Prior to the miraculous event in 1948, Jews were compelled to adopt the languages of the lands in which they settled, while continually praying for the return of their ancient homeland in the language of the Bible. Modern Hebrew became the official language of the reborn state. It would continue to bond new olim with other Jews who came and would continue to come there. Today’s generations are privileged witnesses to the ingathering of the exiles of Israel and the scattered people of Judah, as Isaiah the prophet prophesied.

Although Hebrew has connected Jews for thousands of years, during the Middle Ages, two distinct languages were spoken by Jews in Europe. Yiddish — whose linguistic origins are in Europe and Ladino — originated in the Iberian peninsula. Ladino was basically Castilian Spanish. Both languages were laced with Hebrew words. Trade and/or persecution brought Yiddish from Germany to eastern Europe. Ladino was propelled beyond Spain, and later Portugal, largely by the royal expulsions. In 1492, after a century of forced conversions, they began targeting Jews and Muslims who refused to convert. Jews from the Iberian Peninsula joined existing Jewish communities in Turkey, Arabic lands, Greece, France, Italy and farther north. Language is fluid and absorbent, so acquired words and expressions from its surroundings.

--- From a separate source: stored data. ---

(* Let $1\le t\le s$. Then $p\,\mathcal M^t_{p^s}\subset\mathcal M^{t-1}_{p^s}$, and for every $f\in\mathbb Z[z]_{p^t}$ multiplication by $\pi_s(f)$ maps $\mathcal M^t_{p^s}$ into itself and $\mathcal M^{t-1}_{p^s}$ into itself. The induced action of $\mathbb Z[z]_{p^t}$ on $\mathrm{gr}\,\mathcal M^t_{p^s}=\mathcal M^t_{p^s}/\mathcal M^{t-1}_{p^s}$ factors through the ring homomorphism $\rho_t:\mathbb Z[z]_{p^t}\to\mathbb F_p[z_1^{p^t},\dots,z_n^{p^t}]$, making $\mathrm{gr}\,\mathcal M^t_{p^s}$ an $\mathbb F_p[z_1^{p^t},\dots,z_n^{p^t}]$-module; and multiplication by $p$ induces a homomorphism of $\mathbb F_p[z_1^{p^t},\dots,z_n^{p^t}]$-modules $\mathrm{gr}\,\mathcal M^t_{p^s}\to\mathrm{gr}\,\mathcal M^{t-1}_{p^s}$ (where $\mathrm{gr}\,\mathcal M^{t-1}_{p^s}$ is regarded as an $\mathbb F_p[z^{p^t}]$-module by restriction from $\mathbb F_p[z^{p^{t-1}}]$, and $\mathrm{gr}\,\mathcal M^0_{p^s}=0$).
   Context: Let $p$ be an odd prime, $g\ge1$, $n=2g+1$, with $p>n$; $z=(z_1,\dots,z_n)$; $\pi_s$ denotes reduction modulo $p^s$ on $\mathbb Z[z]^n$. Quasi-constants: $f\in\mathbb Z[z]$ is a quasi-constant modulo $p^r$ if $\partial f/\partial z_i\in p^r\mathbb Z[z]$ for all $i$; these form a ring $\mathbb Z[z]_{p^r}$. Every $f\in\mathbb Z[z]_{p^t}$ can be written as $f=\sum_d c_dz^d$ where $c_d$ is divisible by $p^{t-\tau(d)}$, with $\tau(d)$ the largest integer $\le t$ such that $p^{\tau(d)}$ divides all $d_i$. Define $\rho_t(f)\in\mathbb F_p[z_1^{p^t},\dots,z_n^{p^t}]$ as the reduction modulo $p$ of $\sum_{d:\,p^t\mid d_i\ \forall i}c_dz^d$. For a positive integer $r$ put $M_r=(p^r-1)/2$, $\Phi_{p^r}(x,z)=\prod_{i=1}^n(x-z_i)^{M_r}$, expand $\Big(\frac{\Phi_{p^r}}{x-z_1},\dots,\frac{\Phi_{p^r}}{x-z_n}\Big)=\sum_iP^i_{p^r}(z)x^i$ with $P^i_{p^r}(z)\in\mathbb Z[z]^n$, and set $I^{[lp^r-1]}_{p^r}(z)=P^{lp^r-1}_{p^r}(z)$. For $1\le t\le s$ define $\mathcal M^t_{p^s}=\{\pi_s(\sum_{r=1}^t\sum_{l=1}^g c_{r,l}(z)\,p^{s-r}I^{[lp^r-1]}_{p^r}(z)) : c_{r,l}\in\mathbb Z[z]_{p^r}\}$, $\mathcal M^0_{p^s}=0$. *)

theory Defs
  imports "HOL-Library.Poly_Mapping" "HOL-Computational_Algebra.Polynomial"
begin

text \<open>Polynomials in the variables z_0, z_1, ... with integer coefficients:
  finitely supported maps from exponent vectors to coefficients.
  The paper's z_1..z_n are z_0..z_(n-1) here.\<close>
type_synonym mpoly = "(nat \<Rightarrow>\<^sub>0 nat) \<Rightarrow>\<^sub>0 int"

text \<open>Vectors in Z[z]^n: components indexed by i < n (components i >= n are unused / zero).\<close>
type_synonym mvec = "nat \<Rightarrow> mpoly"

definition Zz :: "nat \<Rightarrow> mpoly set" where
  "Zz n = {f. \<forall>d\<in>Poly_Mapping.keys f. Poly_Mapping.keys d \<subseteq> {..<n}}"

definition zvar :: "nat \<Rightarrow> mpoly" where
  "zvar i = Poly_Mapping.single (Poly_Mapping.single i 1) 1"

definition pdiff :: "nat \<Rightarrow> mpoly \<Rightarrow> mpoly" where
  "pdiff i f = (\<Sum>(d::nat \<Rightarrow>\<^sub>0 nat)\<in>Poly_Mapping.keys f.
     Poly_Mapping.single (d - Poly_Mapping.single i 1)
       ((of_nat (Poly_Mapping.lookup d i) :: int) * Poly_Mapping.lookup f d))"

text \<open>Quasi-constants modulo p^r: the ring Z[z]_{p^r}.\<close>
definition QC :: "nat \<Rightarrow> nat \<Rightarrow> nat \<Rightarrow> mpoly set" where
  "QC n p r = {f \<in> Zz n. \<forall>i<n. \<forall>d. (int p) ^ r dvd Poly_Mapping.lookup (pdiff i f) d}"

definition red :: "int \<Rightarrow> mpoly \<Rightarrow> mpoly" where
  "red m f = Poly_Mapping.map (\<lambda>c. c mod m) f"

definition pis :: "nat \<Rightarrow> nat \<Rightarrow> mvec \<Rightarrow> mvec" where
  "pis p s v = (\<lambda>i. red ((int p) ^ s) (v i))"

definition Mr :: "nat \<Rightarrow> nat \<Rightarrow> nat" where
  "Mr p r = (p ^ r - 1) div 2"

text \<open>The i-th component Phi_{p^r}(x,z)/(x - z_i), as a polynomial in x over Z[z].\<close>
definition PhiQuot :: "nat \<Rightarrow> nat \<Rightarrow> nat \<Rightarrow> nat \<Rightarrow> mpoly poly" where
  "PhiQuot n p r i = [:- zvar i, 1:] ^ (Mr p r - 1) *
     (\<Prod>j\<in>{..<n} - {i}. [:- zvar j, 1:] ^ Mr p r)"

definition Ivec :: "nat \<Rightarrow> nat \<Rightarrow> nat \<Rightarrow> nat \<Rightarrow> mvec" where
  "Ivec n p r l = (\<lambda>i. if i < n then coeff (PhiQuot n p r i) (l * p ^ r - 1) else 0)"

text \<open>The submodule M^t_{p^s} (for t = 0 this is {0}).\<close>
definition Mset :: "nat \<Rightarrow> nat \<Rightarrow> nat \<Rightarrow> nat \<Rightarrow> nat \<Rightarrow> mvec set" where
  "Mset n g p s t = {pis p s (\<lambda>i. \<Sum>r\<in>{1..t}. \<Sum>l\<in>{1..g}.
        c r l * of_int ((int p) ^ (s - r)) * Ivec n p r l i)
      | c. \<forall>r\<in>{1..t}. \<forall>l\<in>{1..g}. c r l \<in> QC n p r}"

text \<open>F_p[z_1^{p^t},...,z_n^{p^t}], coefficients represented in [0,p).\<close>
definition FpZ :: "nat \<Rightarrow> nat \<Rightarrow> nat \<Rightarrow> mpoly set" where
  "FpZ n p t = {a \<in> Zz n. (\<forall>d\<in>Poly_Mapping.keys a. \<forall>i. p ^ t dvd Poly_Mapping.lookup d i)
                        \<and> (\<forall>d. 0 \<le> Poly_Mapping.lookup a d \<and> Poly_Mapping.lookup a d < int p)}"

definition rho :: "nat \<Rightarrow> nat \<Rightarrow> mpoly \<Rightarrow> mpoly" where
  "rho p t f = (\<Sum>d\<in>{d\<in>Poly_Mapping.keys f. \<forall>i. p ^ t dvd Poly_Mapping.lookup d i}.
      Poly_Mapping.single d (Poly_Mapping.lookup f d mod int p))"

end

theory Submission
  imports Defs "HOL-Computational_Algebra.Primes"
begin

text \<open>
  Write \<open>M\<^sup>t\<close> as the reduction modulo \<open>p^s\<close> of the \<open>\<int>[z]\<^bsub>p^t\<^esub>\<close>-span of the
  vectors \<open>p^(s-r) I^[lp^r-1]\<close>; stability under quasi-constants is then immediate.
  For \<open>p M\<^sup>t \<subseteq> M^(t-1)\<close> one uses the factorisation
  \<open>\<Phi>\<^bsub>p^r\<^esub>/(x - z\<^sub>i) = B^(p^v) \<cdot> \<Phi>\<^bsub>p^v\<^esub>/(x - z\<^sub>i)\<close> with
  \<open>B = \<Prod>\<^sub>j (x - z\<^sub>j)^M\<^bsub>r-v\<^esub>\<close>. Differentiating \<open>B^(p^v)\<close> in \<open>x\<close> and in \<open>z\<^sub>i\<close> shows
  that its coefficient of \<open>x^k\<close> is quasi-constant modulo \<open>p^v\<close> and, if \<open>p^u\<close> exactly
  divides \<open>k\<close>, equals \<open>p^(v-u)\<close> times a quasi-constant modulo \<open>p^u\<close>. Expanding with
  \<open>v = r - 1\<close> and inducting on \<open>r\<close> puts every term of \<open>p \<cdot> p^(s-r) I^[lp^r-1]\<close> into
  the span of level \<open>r - 1\<close>; the coefficients of \<open>x^j\<close> for \<open>j \<ge> (g+1)p^r - 1\<close> vanish
  because \<open>n M\<^sub>r < (g+1) p^r\<close>.
  A quasi-constant modulo \<open>p^t\<close> has coefficients divisible by \<open>p\<close> at all monomials
  whose exponents are not all divisible by \<open>p^t\<close>. This makes \<open>\<rho>\<^sub>t\<close> multiplicative, and
  \<open>\<rho>\<^sub>t f = \<rho>\<^sub>t h\<close> forces \<open>f - h = p u\<close> with \<open>u\<close> quasi-constant modulo \<open>p^(t-1)\<close>.
\<close>

lemma lookup_map_if:
  "Poly_Mapping.lookup (Poly_Mapping.map h f) d =
     (if Poly_Mapping.lookup f d = 0 then 0 else h (Poly_Mapping.lookup f d))"
  by (simp add: Poly_Mapping.map.rep_eq when_def)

My interest in Sephardic and Mizrachi Jewry grew out of seminars at Columbia University and CUNY, taught by expert scholars and sponsored by the Maurice Amado Foundation. However, it originated in Whippany, New Jersey. When I was invited to read my poems at a Hadassah conference for creative Jewish women, I learned about Sephardic music at a concert performed by several co-presenters. These were Flory Yagoda (1924-2021) and her daughters, Betty and Lori.

Flory was born in Sarajevo, Yugoslavia. Of its 82,000 Jews, only 15% survived the Holocaust. After liberation, Flory met and married Harry Jagoda, an American GI who brought her to America. They had four children, two sons and two daughters. One daughter, Betty, moved to New Jersey, and currently resides in Verona. She often accompanied Flory in her performances of Sephardic songs.

As a guitarist who also played the accordion, Flory Jagoda lived to the age of 97 and was at the forefront of popularizing the music she learned as a child from her beloved nona, Berta Altarac. Ladino was the language spoken at home. The languages she spoke outside were Bosnian and Serbo-Croatian. When her beloved stepfather died, she set down all the Ladino songs she had learned to preserve them for posterity. Forty-twomembers of her family were murdered in a mass shooting during the war and she commemorated them by composing songs about them and the Sephardic culture. Her “Oche Kondelikas — Eight little Candles” has become a classic Chanukah song. The last song she wrote was in collaboration with her daughter, Lori, “Luz y Paz — Light and Peace.”Flory’s achievements were honored by the National Endowment for the Arts, which named her a National Heritage Fellow.


Barbara Wind is a writer, speaker and Holocaust related independent scholar, curator and consultant.